» MATERIAL SUPPLIED
(* Let $n>m\ge3$, and let $\mathbb{K}$, its $W_{m,n}$-action and the field $\mathcal{L}=\mathbb{K}(f_1,\dots,f_m;\tau_1,\dots,\tau_n)$ be as in the context. Define automorphisms $s_0,\dots,s_{n-1}$ of $\mathcal{L}$ extending the given action on $\mathbb{K}$ by: $s_0(\tau_j)=\tau_jf_j$ ($1\le j\le m$), $s_0(\tau_j)=\tau_j$ ($m+1\le j\le n$), $s_k(\tau_j)=\tau_{s_k(j)}$ ($1\le k\le n-1$, $1\le j\le n$), where $s_k(j)$ is the image of $j$ under the transposition $(k,k+1)$; $s_0(f_i)=1/f_i$; $s_k(f_i)=f_{s_k(i)}$ for $1\le k\le m-1$; $s_k(f_i)=f_i$ for $m+1\le k\le n-1$; $$s_m(f_i)=\frac{\tau_m}{\tau_{m+1}}\cdot\frac{[\alpha_0+\varepsilon_{m,m+1}][\varepsilon_{i,m+1}]f_i-[\alpha_0+\varepsilon_{i,m+1}][\varepsilon_{m,m+1}]f_m}{[\alpha_0][\varepsilon_{i,m}]}\quad(1\le i\le m-1),\qquad s_m(f_m)=\frac{\tau_m}{\tau_{m+1}}f_m.$$ Then $s_0,\dots,s_{n-1}$ satisfy the fundamental relations of the simple reflections of $W_{m,n}$: $s_i^2=1$; $s_is_j=s_js_i$ if nodes $i,j$ are not joined; $s_is_js_i=s_js_is_j$ if nodes $i,j$ are joined in the tree $T_{2,m,n-m}$.
   Context: $[x]$ is a fixed nonzero odd holomorphic function on $\mathbb{C}$ satisfying the Riemann relation $[x+y][x-y][u+v][u-v]=[x+u][x-u][y+v][y-v]-[x+v][x-v][y+u][y-u]$ for all $x,y,u,v\in\mathbb{C}$. $\mathfrak{h}=\bigoplus_{j=0}^n\mathbb{C}e_j$ with symmetric form $\langle e_0,e_0\rangle=-(m-2)$, $\langle e_j,e_j\rangle=1$ ($1\le j\le n$), $\langle e_i,e_j\rangle=0$ ($i\ne j$); $\varepsilon_j=\langle e_j,\cdot\rangle\in\mathfrak{h}^*$, $\varepsilon_{i,j}=\varepsilon_i-\varepsilon_j$. Simple coroots $h_0=e_0-e_1-\dots-e_m$, $h_k=e_k-e_{k+1}$ ($1\le k\le n-1$); simple roots $\alpha_k=\langle h_k,\cdot\rangle$, so $\alpha_0=\varepsilon_0-\varepsilon_1-\dots-\varepsilon_m$. The tree $T_{2,m,n-m}$ has nodes $0,\dots,n-1$, with $1-2-\dots-(n-1)$ a chain and node $0$ joined to node $m$. $W_{m,n}$ is the Coxeter group on $s_0,\dots,s_{n-1}$ for this tree; it acts on $\mathfrak{h}^*$ by $s_k.\lambda=\lambda-\langle h_k,\lambda\rangle\alpha_k$. Real roots: $\Delta=W_{m,n}\{\alpha_0,\dots,\alpha_{n-1}\}$. For $\alpha\in\mathfrak{h}^*$, $[\alpha]$ denotes the function $h\mapsto[\alpha(h)]$ on $\mathfrak{h}$. $\mathbb{K}$ is the field of meromorphic functions on $\mathfrak{h}$ generated over $\mathbb{C}$ by $[\alpha]$, $\alpha\in\Delta$; $W_{m,n}$ acts on $\mathbb{K}$ by field automorphisms with $w([\alpha])=[w.\alpha]$. $\mathcal{L}$ is the field of rational functions in indeterminates $f_1,\dots,f_m,\tau_1,\dots,\tau_n$ over $\mathbb{K}$. *)

theory Defs
  imports "HOL-Analysis.Analysis"
begin

text \<open>
  A point of h is a coordinate vector h = sum_{j=0..n} h_j e_j, stored as
  nat => complex (coordinates j > n are unused).  An element of the field
  L = K(f_1..f_m, tau_1..tau_n) is a meromorphic function of (h, f, tau).  The automorphism
  s_k of L (extending g |-> g o s_k on K and given on generators by rational expressions R)
  acts by pull-back along the rational map Phi_k (h,f,tau) = (s_k h, R(h,f,tau)); hence a
  word relation among the s_k holds in L iff the corresponding composite of the maps Phi_k
  agrees (wherever it is defined) with the composite on the other side.
\<close>

type_synonym point = "(nat \<Rightarrow> complex) \<times> (nat \<Rightarrow> complex) \<times> (nat \<Rightarrow> complex)"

» YOUR GOAL
Write every record out again, unaltered.

» RESPONSE FOR THIS EXERCISE
(* Let $n>m\ge3$, and let $\mathbb{K}$, its $W_{m,n}$-action and the field $\mathcal{L}=\mathbb{K}(f_1,\dots,f_m;\tau_1,\dots,\tau_n)$ be as in the context. Define automorphisms $s_0,\dots,s_{n-1}$ of $\mathcal{L}$ extending the given action on $\mathbb{K}$ by: $s_0(\tau_j)=\tau_jf_j$ ($1\le j\le m$), $s_0(\tau_j)=\tau_j$ ($m+1\le j\le n$), $s_k(\tau_j)=\tau_{s_k(j)}$ ($1\le k\le n-1$, $1\le j\le n$), where $s_k(j)$ is the image of $j$ under the transposition $(k,k+1)$; $s_0(f_i)=1/f_i$; $s_k(f_i)=f_{s_k(i)}$ for $1\le k\le m-1$; $s_k(f_i)=f_i$ for $m+1\le k\le n-1$; $$s_m(f_i)=\frac{\tau_m}{\tau_{m+1}}\cdot\frac{[\alpha_0+\varepsilon_{m,m+1}][\varepsilon_{i,m+1}]f_i-[\alpha_0+\varepsilon_{i,m+1}][\varepsilon_{m,m+1}]f_m}{[\alpha_0][\varepsilon_{i,m}]}\quad(1\le i\le m-1),\qquad s_m(f_m)=\frac{\tau_m}{\tau_{m+1}}f_m.$$ Then $s_0,\dots,s_{n-1}$ satisfy the fundamental relations of the simple reflections of $W_{m,n}$: $s_i^2=1$; $s_is_j=s_js_i$ if nodes $i,j$ are not joined; $s_is_js_i=s_js_is_j$ if nodes $i,j$ are joined in the tree $T_{2,m,n-m}$.
   Context: $[x]$ is a fixed nonzero odd holomorphic function on $\mathbb{C}$ satisfying the Riemann relation $[x+y][x-y][u+v][u-v]=[x+u][x-u][y+v][y-v]-[x+v][x-v][y+u][y-u]$ for all $x,y,u,v\in\mathbb{C}$. $\mathfrak{h}=\bigoplus_{j=0}^n\mathbb{C}e_j$ with symmetric form $\langle e_0,e_0\rangle=-(m-2)$, $\langle e_j,e_j\rangle=1$ ($1\le j\le n$), $\langle e_i,e_j\rangle=0$ ($i\ne j$); $\varepsilon_j=\langle e_j,\cdot\rangle\in\mathfrak{h}^*$, $\varepsilon_{i,j}=\varepsilon_i-\varepsilon_j$. Simple coroots $h_0=e_0-e_1-\dots-e_m$, $h_k=e_k-e_{k+1}$ ($1\le k\le n-1$); simple roots $\alpha_k=\langle h_k,\cdot\rangle$, so $\alpha_0=\varepsilon_0-\varepsilon_1-\dots-\varepsilon_m$. The tree $T_{2,m,n-m}$ has nodes $0,\dots,n-1$, with $1-2-\dots-(n-1)$ a chain and node $0$ joined to node $m$. $W_{m,n}$ is the Coxeter group on $s_0,\dots,s_{n-1}$ for this tree; it acts on $\mathfrak{h}^*$ by $s_k.\lambda=\lambda-\langle h_k,\lambda\rangle\alpha_k$. Real roots: $\Delta=W_{m,n}\{\alpha_0,\dots,\alpha_{n-1}\}$. For $\alpha\in\mathfrak{h}^*$, $[\alpha]$ denotes the function $h\mapsto[\alpha(h)]$ on $\mathfrak{h}$. $\mathbb{K}$ is the field of meromorphic functions on $\mathfrak{h}$ generated over $\mathbb{C}$ by $[\alpha]$, $\alpha\in\Delta$; $W_{m,n}$ acts on $\mathbb{K}$ by field automorphisms with $w([\alpha])=[w.\alpha]$. $\mathcal{L}$ is the field of rational functions in indeterminates $f_1,\dots,f_m,\tau_1,\dots,\tau_n$ over $\mathbb{K}$. *)

theory Defs
  imports "HOL-Analysis.Analysis"
begin

text \<open>
  A point of h is a coordinate vector h = sum_{j=0..n} h_j e_j, stored as
  nat => complex (coordinates j > n are unused).  An element of the field
  L = K(f_1..f_m, tau_1..tau_n) is a meromorphic function of (h, f, tau).  The automorphism
  s_k of L (extending g |-> g o s_k on K and given on generators by rational expressions R)
  acts by pull-back along the rational map Phi_k (h,f,tau) = (s_k h, R(h,f,tau)); hence a
  word relation among the s_k holds in L iff the corresponding composite of the maps Phi_k
  agrees (wherever it is defined) with the composite on the other side.
\<close>

type_synonym point = "(nat \<Rightarrow> complex) \<times> (nat \<Rightarrow> complex) \<times> (nat \<Rightarrow> complex)"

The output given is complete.